Upstage and SK Telecom have stated that inference code is separate from the AI model itself. They said such code functions as a deployment or distribution layer that improves compatibility and usability, without affecting core model training or capabilities. The inference code used by Upstage is released under the MIT license, while SK Telecom's code falls under the Apache 2.0 license.

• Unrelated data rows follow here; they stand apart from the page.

(* Let $f(x)=x^TAx+a^Tx+\alpha$ with $A$ real symmetric, and $g_i(x)=x^TB_ix+b_i^Tx+\beta_i$, $i=1,\dots,m$, with each $B_i$ real symmetric positive semidefinite. Consider $(QP)$: $\inf\{f(x): g_i(x)\le0,\ i=1,\dots,m\}$. Suppose there exist $i_0$ and $\lambda\in\mathbb{R}$ with $B_{i_0}\succ0$ such that (H1) and (H2) hold, and there exists $x^0$ with $g_i(x^0)<0$ for all $i$. Let $\bar x$ be feasible for $(QP)$. Then $\bar x$ is a global minimizer of $(QP)$ if and only if there exists $\lambda=(\lambda_1,\dots,\lambda_m)\in\mathbb{R}^m_+$ such that (i) $2\big(A+\sum_{i=1}^m\lambda_iB_i\big)\bar x+\big(a+\sum_{i=1}^m\lambda_ib_i\big)=0$; (ii) $\lambda_ig_i(\bar x)=0$ for $i=1,\dots,m$; (iii) $A+\sum_{i=1}^m\lambda_iB_i\succeq 0$.
   Context: (H1): $A+\lambda B_{i_0}\succeq 0$. (H2): there is a nonzero $v\in\mathbb{R}^n$ with $(A+\lambda B_{i_0})v=0$, $(a+\lambda b_{i_0})^Tv\le0$, $B_iv=0$ and $b_i^Tv\le0$ for all $i\ne i_0$. (The $\lambda$ in (H1),(H2) is a real scalar unrelated to the multiplier vector in the conclusion.) *)

theory Defs
  imports "HOL-Analysis.Analysis"
begin

definition quadf :: "real^'n^'n \<Rightarrow> real^'n \<Rightarrow> real \<Rightarrow> real^'n \<Rightarrow> real" where
  "quadf M c d x = x \<bullet> (M *v x) + c \<bullet> x + d"

definition symmetric_mat :: "real^'n^'n \<Rightarrow> bool" where
  "symmetric_mat M \<longleftrightarrow> transpose M = M"

definition psd :: "real^'n^'n \<Rightarrow> bool" where
  "psd M \<longleftrightarrow> symmetric_mat M \<and> (\<forall>x. 0 \<le> x \<bullet> (M *v x))"

definition pd :: "real^'n^'n \<Rightarrow> bool" where
  "pd M \<longleftrightarrow> symmetric_mat M \<and> (\<forall>x. x \<noteq> 0 \<longrightarrow> 0 < x \<bullet> (M *v x))"

end

theory Submission
  imports Defs "HOL-Real_Asymp.Real_Asymp"
begin

text \<open>
  Under the KKT conditions the Lagrangian is a convex quadratic whose gradient vanishes at
  \<open>xbar\<close>, so it is minimal there, and on the feasible set it bounds the objective \<open>f\<close> from below.
  Conversely, \<open>f\<close> need not be convex, but \<open>h = f + \<kappa> g\<^sub>i\<^sub>0\<close> with \<open>\<kappa> = max \<mu> 0\<close> is, by (H1).
  Moving a feasible point along the direction \<open>v\<close> of (H2) keeps it feasible and does not
  increase \<open>h\<close>, and since \<open>B i0\<close> is positive definite, constraint \<open>i0\<close> eventually becomes
  active, where \<open>h = f\<close>. Hence \<open>f xbar\<close> is also the minimum of \<open>h\<close> over the feasible set, a
  convex program with a Slater point; its Lagrange multipliers, with \<open>\<kappa>\<close> added at \<open>i0\<close>, make
  \<open>xbar\<close> a global minimiser of the Lagrangian of \<open>f\<close>, which for quadratics amounts to (i)--(iii).
\<close>

lemma affine_nonneg_on_pos_reals:
  fixes a c :: real
  assumes nonneg: "\<And>t. 0 < t \<Longrightarrow> 0 \<le> c + t * a"
  shows "0 \<le> c" and "0 \<le> a"
proof -
  have "((\<lambda>t. c + t * a) \<longlongrightarrow> c) (at_right 0)"
    by (auto intro!: tendsto_eq_intros)
  then show "0 \<le> c"
    by (rule tendsto_lowerbound) (auto intro: eventually_mono[OF eventually_at_right_less] nonneg)
  have "((\<lambda>t. c / t + a) \<longlongrightarrow> a) at_top"
    by real_asymp
  moreover have "eventually (\<lambda>t. 0 \<le> c / t + a) at_top"
    using eventually_gt_at_top[of 0]
  proof eventually_elim
    case (elim t)
    then show ?case using nonneg[OF elim] by (simp add: field_simps)
  qed
  ultimately show "0 \<le> a"
    by (rule tendsto_lowerbound) simp
qed

lemma quadratic_nonneg_coeffs:
  fixes a b :: real
  assumes "\<And>t. 0 \<le> t * b + t\<^sup>2 * a"
  shows "b = 0" and "0 \<le> a"
proof -
  have "0 \<le> b + t * a" if "0 < t" for t
  proof -
    have "0 \<le> t * (b + t * a)"
      using assms[of t] by (simp add: power2_eq_square algebra_simps)
    then show ?thesis using that by (simp add: zero_le_mult_iff)
  qed
  note b_a_nonneg = affine_nonneg_on_pos_reals[OF this]
  have "0 \<le> - b + t * a" if "0 < t" for t
  proof -
    have "0 \<le> t * (- b + t * a)"
      using assms[of "- t"] by (simp add: power2_eq_square algebra_simps)
    then show ?thesis using that by (simp add: zero_le_mult_iff)
  qed
  then have "0 \<le> - b" by (rule affine_nonneg_on_pos_reals)
  with b_a_nonneg show "b = 0" "0 \<le> a" by auto
qed

lemma symmetric_mat_inner_commute:
  assumes "symmetric_mat M"
  shows "(M *v x) \<bullet> y = x \<bullet> (M *v y)"
  using assms unfolding symmetric_mat_def
  by (metis inner_commute vector_transpose_matrix dot_lmul_matrix)

lemma symmetric_mat_zero: "symmetric_mat 0"
  by (simp add: symmetric_mat_def transpose_def vec_eq_iff)

lemma symmetric_mat_add: "symmetric_mat M \<Longrightarrow> symmetric_mat N \<Longrightarrow> symmetric_mat (M + N)"
  by (simp add: symmetric_mat_def transpose_def vec_eq_iff)

lemma symmetric_mat_scaleR: "symmetric_mat M \<Longrightarrow> symmetric_mat (k *\<^sub>R M)"
  by (simp add: symmetric_mat_def transpose_scalar)

lemma symmetric_mat_sum: "(\<And>i. i \<in> S \<Longrightarrow> symmetric_mat (M i)) \<Longrightarrow> symmetric_mat (\<Sum>i\<in>S. M i)"
  by (induction S rule: infinite_finite_induct) (auto simp: symmetric_mat_zero symmetric_mat_add)

lemma psd_add: "psd M \<Longrightarrow> psd N \<Longrightarrow> psd (M + N)"
  by (simp add: psd_def symmetric_mat_add matrix_vector_mult_add_rdistrib inner_add_right add_nonneg_nonneg)

lemma psd_scaleR: "0 \<le> k \<Longrightarrow> psd M \<Longrightarrow> psd (k *\<^sub>R M)"
  by (simp add: psd_def symmetric_mat_scaleR scaleR_matrix_vector_assoc[symmetric])

lemma quadf_add: "quadf (M + N) (c + e) (d + \<delta>) x = quadf M c d x + quadf N e \<delta> x"
  by (simp add: quadf_def matrix_vector_mult_add_rdistrib inner_add_left inner_add_right)

lemma quadf_scaleR: "quadf (k *\<^sub>R M) (k *\<^sub>R c) (k * d) x = k * quadf M c d x"
  by (simp add: quadf_def scaleR_matrix_vector_assoc[symmetric] algebra_simps)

Both licenses allow free use, modification and commercial distribution with attribution. The Apache 2.0 license additionally includes explicit patent grants and disclosure requirements for major modifications.
 
Participant view Naver Cloud's booths during the sidelines of a presentation of homegrown AI foundation models at the COEX in Seoul, Dec. 30, 2025. Yonhap
 
Naver Cloud's case has drawn closer scrutiny because it involved model weights. The company used Alibaba's Qwen 2.5-VL 32B vision encoder and weights, with analysis showing that its vision encoder weights share a cosine similarity of 99.5 percent with the Qwen series.

The 32B model is released under the Apache 2.0 license and can be freely used, while the larger 72B version requires a license request to Alibaba if monthly active users exceed 100 million. Naver Cloud has said it possesses comparable in-house technology and selected Qwen for ecosystem compatibility and system optimization, adding that it could switch to proprietary technology if licensing thresholds become applicable.

Some industry participants note that the ministry's project guidelines, announced in July, specify domestic model design and pre-training but do not explicitly require "from-scratch" development without any external components.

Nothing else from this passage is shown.